[DATASET EXTRACT Boundary: Start]

lemma infinite_Inter_if_has_fip:
  assumes F: "furstenberg_family F" "has_fip F" and G: "G \<subseteq> F" "finite G"
  shows "infinite (\<Inter>G)"
proof (cases "G = {}")
  case False
  have "\<exists>m\<in>\<Inter>G. lo \<le> m" for lo
  proof -
    have "(\<lambda>C. C \<inter> {lo..}) ` G \<subseteq> F"
      using F(1) G(1) unfolding furstenberg_family_def by blast
    then have "\<Inter>((\<lambda>C. C \<inter> {lo..}) ` G) \<noteq> {}"
      using F(2) G(2) unfolding has_fip_def by blast
    then show ?thesis
      using False by auto
  qed
  then show ?thesis
    unfolding infinite_nat_iff_unbounded_le by blast
qed simp

lemma strict_mono_selection:
  fixes S :: "nat \<Rightarrow> nat set"
  assumes "\<And>k. infinite (S k)"
  shows "\<exists>n. strict_mono n \<and> (\<forall>k. 0 < n k \<and> n k \<in> S k)"
proof -
  have above: "\<exists>m. lo < m \<and> m \<in> S k" for k lo
    using assms[of k] by (simp add: infinite_nat_iff_unbounded)
  have "\<exists>n. \<forall>k. (0 < n k \<and> n k \<in> S k) \<and> n k < n (Suc k)"
  proof (rule dependent_nat_choice)
    show "\<exists>m. 0 < m \<and> m \<in> S 0"
      using above[of 0 0] by blast
    fix m k
    show "\<exists>m'. (0 < m' \<and> m' \<in> S (Suc k)) \<and> m < m'"
      using above[of m "Suc k"] by (metis gr0I less_nat_zero_code)
  qed
  then obtain n where n: "\<forall>k. (0 < n k \<and> n k \<in> S k) \<and> n k < n (Suc k)"
    by blast
  then have "strict_mono n"
    by (simp add: strict_mono_Suc_iff)
  with n show ?thesis
    by blast
qed

lemma strict_mono_eventually_in_countable_family:
  fixes \<C> :: "nat set set"
  assumes "countable \<C>" and fin_Inter: "\<And>G. G \<subseteq> \<C> \<Longrightarrow> finite G \<Longrightarrow> infinite (\<Inter>G)"
  shows "\<exists>n. strict_mono n \<and> (\<forall>k. 0 < n k) \<and> (\<forall>C\<in>\<C>. \<forall>\<^sub>F k in sequentially. n k \<in> C)"
proof (cases "\<C> = {}")
  case True
  then have "strict_mono Suc \<and> (\<forall>k. 0 < Suc k) \<and> (\<forall>C\<in>\<C>. \<forall>\<^sub>F k in sequentially. Suc k \<in> C)"
    by (simp add: strict_mono_Suc_iff)
  then show ?thesis
    by blast
next
  case False
  define c where "c = from_nat_into \<C>"
  have c: "c k \<in> \<C>" for k
    using False by (simp add: c_def from_nat_into)
  have "infinite (\<Inter>(c ` {..k}))" for k
    by (rule fin_Inter) (use c in auto)
  then obtain n where n: "strict_mono n" "\<forall>k. 0 < n k \<and> n k \<in> \<Inter>(c ` {..k})"
    using strict_mono_selection[of "\<lambda>k. \<Inter>(c ` {..k})"] by blast
  have ev: "\<forall>\<^sub>F k in sequentially. n k \<in> c j" for j
    unfolding eventually_sequentially using n(2) by (intro exI[of _ j]) auto
  have "\<forall>C\<in>\<C>. \<forall>\<^sub>F k in sequentially. n k \<in> C"
  proof
    fix C assume "C \<in> \<C>"
    then obtain j where "C = c j"
      using \<open>countable \<C>\<close> from_nat_into_surj unfolding c_def by metis
    then show "\<forall>\<^sub>F k in sequentially. n k \<in> C"
      using ev by blast
  qed
  then show ?thesis
    using n by blast
qed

[DATASET EXTRACT Boundary: End]

ACTIVITY. Find how many lines of the listing include the string "proof" and give that number, nothing else.

OUTPUT BELOW. 6